Find the string "identity" in the records and copy each line where it occurs.

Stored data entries
-- Opening Marker --
(* Let $S$, $\Phi$, $v$, $\hat S$, $S_\theta$ and $\theta_0$ be as in the context. Let $w=(w_0w_1\dots)\in\Sigma$ be such that $x=\Phi(w)\in\hat S$. Then for every $n$ the three points $\psi_{w_0\dots w_n}(\bar A),\psi_{w_0\dots w_n}(\bar B),\psi_{w_0\dots w_n}(\bar C)$ can be labelled $A_{w,n},B_{w,n},C_{w,n}$ in such a way that: (1) as $n\to\infty$, $$\frac{\max\big(\|P^\perp_{v(x)}(A_{w,n}-B_{w,n})\|,\ \|P^\perp_{v(x)}(B_{w,n}-C_{w,n})\|,\ \|P^\perp_{v(x)}(C_{w,n}-A_{w,n})\|\big)}{\|P_{v(x)}(A_{w,n}-B_{w,n})\|}\longrightarrow0;$$ (2) if $\theta\in(0,\theta_0]$ and $x\in\psi_{w_0\dots w_{n_k}}(S_\theta)$ for a sequence $n_k\nearrow+\infty$, then as $k\to\infty$ $$\max\Big(\frac{\|P^\perp_{v(x)}(x-A_{w,n_k})\|}{\|P_{v(x)}(x-A_{w,n_k})\|},\ \frac{\|P^\perp_{v(x)}(x-B_{w,n_k})\|}{\|P_{v(x)}(x-B_{w,n_k})\|}\Big)\longrightarrow0.$$ (Neither limit is asserted to be uniform in $x$.)
   Context: Let $T_1=\begin{pmatrix}3/5&0\\0&1/5\end{pmatrix}$, $T_2=\begin{pmatrix}3/10&\sqrt3/10\\ \sqrt3/10&1/2\end{pmatrix}$, $T_3=\begin{pmatrix}3/10&-\sqrt3/10\\ -\sqrt3/10&1/2\end{pmatrix}$, $\bar A=(0,0)$, $\bar B=(1,1/\sqrt3)$, $\bar C=(1,-1/\sqrt3)$, $\psi_1(x)=\bar A+T_1(x-\bar A)$, $\psi_2(x)=\bar B+T_2(x-\bar B)$, $\psi_3(x)=\bar C+T_3(x-\bar C)$; the harmonic Sierpinski gasket $S$ is the unique nonempty compact set with $S=\bigcup_i\psi_i(S)$. Let $\Sigma=\{1,2,3\}^{\mathbb N}$, $\psi_{w_0\dots w_l}=\psi_{w_0}\circ\cdots\circ\psi_{w_l}$ (affine with constant derivative $D\psi_{w_0\dots w_l}$), and $\Phi:\Sigma\to S$, $\Phi(w)=$ the unique point of $\bigcap_l\psi_{w_0\dots w_l}(\triangle)$, $\triangle$ the closed triangle $\bar A\bar B\bar C$. Points with more than one coding are exactly those in the countable set $N=\{\psi_{w_0\dots w_l}(P): l\ge0,\ w\in\Sigma,\ P\in\{\bar A,\bar B,\bar C\}\}$. For a unit vector $v$, $P_v$ is orthogonal projection onto $\mathbb Rv$ and $P_v^\perp=I-P_v$; $\|A\|_{HS}^2=\mathrm{tr}({}^tAA)$. Kusuoka's measure: with $(\mathcal LA)(x)=\sum_i{}^tD\psi_iA_{\psi_i(x)}D\psi_i$ on continuous symmetric-matrix fields, having simple positive eigenvalue $\beta$, let $\tau$ be the unique semipositive-definite symmetric-matrix-valued Borel measure on $S$ with $\mathrm{tr}\,\tau(S)=1$ and $\mathcal L^*\tau=\beta\tau$ ($\tau(S)$ is a positive multiple of $Id$); $\kappa(E)=\mathrm{tr}\,\tau(E)$ is a non-atomic probability measure. There is a Borel field of unit vectors $v$ with $\tau=P_{v(x)}\kappa$. Let $\tilde S$ be the Borel set of $x=\Phi(w)\in S$ at which $P_{v(x)}=\lim_{l\to\infty}D\psi_{w_0\dots w_{l-1}}{}^tD\psi_{w_0\dots w_{l-1}}/\|D\psi_{w_0\dots w_{l-1}}\|_{HS}^2$ holds; $\kappa(\tilde S)=1$. Set $\hat S=\tilde S\setminus N$; $\kappa(\hat S)=1$. Geodesics: $AC^2([0,1],S)$ is the set of absolutely continuous $\gamma:[0,1]\to\mathbb R^2$ with $\gamma_s\in S$ for all $s$ and $\int_0^1\|\dot\gamma_s\|^2ds<\infty$. For $x,y\in S$ there is a unique minimizer $\gamma_{x,y}$ of $\int_0^1\|\dot\gamma_s\|^2ds$ among such curves with $\gamma_0=x,\gamma_1=y$. Let $M=\gamma_{\bar A\bar B}([0,1])\cup\gamma_{\bar B\bar C}([0,1])\cup\gamma_{\bar A\bar C}([0,1])$, and for $\theta>0$ let $S_\theta=\{x\in S: d(x,M)\ge\theta\}$, $d$ the Euclidean distance. It is known that $\kappa(M)=0$ and there is $\theta_0>0$ such that $S_\theta\ne\emptyset$ for $\theta\in(0,\theta_0]$. *)

theory Defs
  imports "HOL-Analysis.Analysis"
begin

(* Points of the plane are real^2, 2x2 matrices are real^2^2 (row-major: A$i$j). *)

datatype idx = I1 | I2 | I3

definition T :: "idx \<Rightarrow> real^2^2" where
  "T i = (case i of
      I1 \<Rightarrow> vector [vector [3/5, 0], vector [0, 1/5]]
    | I2 \<Rightarrow> vector [vector [3/10, sqrt 3/10], vector [sqrt 3/10, 1/2]]
    | I3 \<Rightarrow> vector [vector [3/10, - sqrt 3/10], vector [- sqrt 3/10, 1/2]])"

definition vtx :: "idx \<Rightarrow> real^2" where
  "vtx i = (case i of
      I1 \<Rightarrow> vector [0, 0]
    | I2 \<Rightarrow> vector [1, 1 / sqrt 3]
    | I3 \<Rightarrow> vector [1, - 1 / sqrt 3])"

definition psi :: "idx \<Rightarrow> real^2 \<Rightarrow> real^2" where
  "psi i x = vtx i + T i *v (x - vtx i)"

definition HSG :: "(real^2) set" where
  "HSG = (THE K. K \<noteq> {} \<and> compact K \<and> K = (\<Union>i. psi i ` K))"

(* psiw w n = psi_{w_0} o ... o psi_{w_{n-1}} (identity for n = 0);
   so psi_{w_0...w_l} = psiw w (Suc l) *)
fun psiw :: "(nat \<Rightarrow> idx) \<Rightarrow> nat \<Rightarrow> real^2 \<Rightarrow> real^2" where
  "psiw w 0 = id"
| "psiw w (Suc n) = psiw w n \<circ> psi (w n)"

(* Dw w n = D psi_{w_0...w_{n-1}} = T_{w_0} ... T_{w_{n-1}} (chain rule; identity for n = 0) *)
fun Dw :: "(nat \<Rightarrow> idx) \<Rightarrow> nat \<Rightarrow> real^2^2" where
  "Dw w 0 = mat 1"
| "Dw w (Suc n) = Dw w n ** T (w n)"

definition triangle :: "(real^2) set" where
  "triangle = convex hull (range vtx)"

definition Phi :: "(nat \<Rightarrow> idx) \<Rightarrow> real^2" where
  "Phi w = (THE p. (\<Inter>l. psiw w (Suc l) ` triangle) = {p})"

definition Nset :: "(real^2) set" where
  "Nset = {psiw w (Suc l) (vtx i) | w l i. True}"

definition projmat :: "real^2 \<Rightarrow> real^2^2" where
  "projmat v = (\<chi> i j. v$i * v$j)"

definition projP :: "real^2 \<Rightarrow> real^2 \<Rightarrow> real^2" where
  "projP v y = (y \<bullet> v) *\<^sub>R v"

definition projPerp :: "real^2 \<Rightarrow> real^2 \<Rightarrow> real^2" where
  "projPerp v y = y - projP v y"

definition hs_sq :: "real^2^2 \<Rightarrow> real" where
  "hs_sq A = trace (transpose A ** A)"

definition Lop :: "(real^2 \<Rightarrow> real^2^2) \<Rightarrow> real^2 \<Rightarrow> real^2^2" where
  "Lop A x = (\<Sum>i\<in>UNIV. transpose (T i) ** A (psi i x) ** T i)"

(* Pairing <tau, A> = \<integral> tr(A d tau) for the matrix measure tau = P_v kappa *)
definition pairing :: "(real^2) measure \<Rightarrow> (real^2 \<Rightarrow> real^2) \<Rightarrow> (real^2 \<Rightarrow> real^2^2) \<Rightarrow> real" where
  "pairing \<kappa> v A = (\<integral>x\<in>HSG. trace (projmat (v x) ** A x) \<partial>\<kappa>)"

(* The positive eigenvalue beta of L: L(Id) = (3/5) Id for the constant field Id. *)
definition beta :: real where "beta = 3/5"

(* (kappa, v) describes Kusuoka's measure: tau = P_v kappa is a semipositive symmetric
   matrix-valued Borel measure on S, tr tau(S) = kappa(S) = 1, and L^* tau = beta tau,
   i.e. <tau, L A> = beta <tau, A> for all continuous symmetric-matrix fields A on S;
   v is a Borel field of unit vectors. *)
definition kusuoka_pair :: "(real^2) measure \<Rightarrow> (real^2 \<Rightarrow> real^2) \<Rightarrow> bool" where
  "kusuoka_pair \<kappa> v \<longleftrightarrow>
     sets \<kappa> = sets borel \<and> emeasure \<kappa> UNIV = 1 \<and> emeasure \<kappa> (UNIV - HSG) = 0 \<and>
     v \<in> borel_measurable borel \<and> (\<forall>x\<in>HSG. norm (v x) = 1) \<and>
     (\<forall>A. continuous_on HSG A \<and> (\<forall>x\<in>HSG. transpose (A x) = A x) \<longrightarrow>
          pairing \<kappa> v (Lop A) = beta * pairing \<kappa> v A)"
-- Closing Marker --
- **Response**:
(* psiw w n = psi_{w_0} o ... o psi_{w_{n-1}} (identity for n = 0);
(* Dw w n = D psi_{w_0...w_{n-1}} = T_{w_0} ... T_{w_{n-1}} (chain rule; identity for n = 0) *)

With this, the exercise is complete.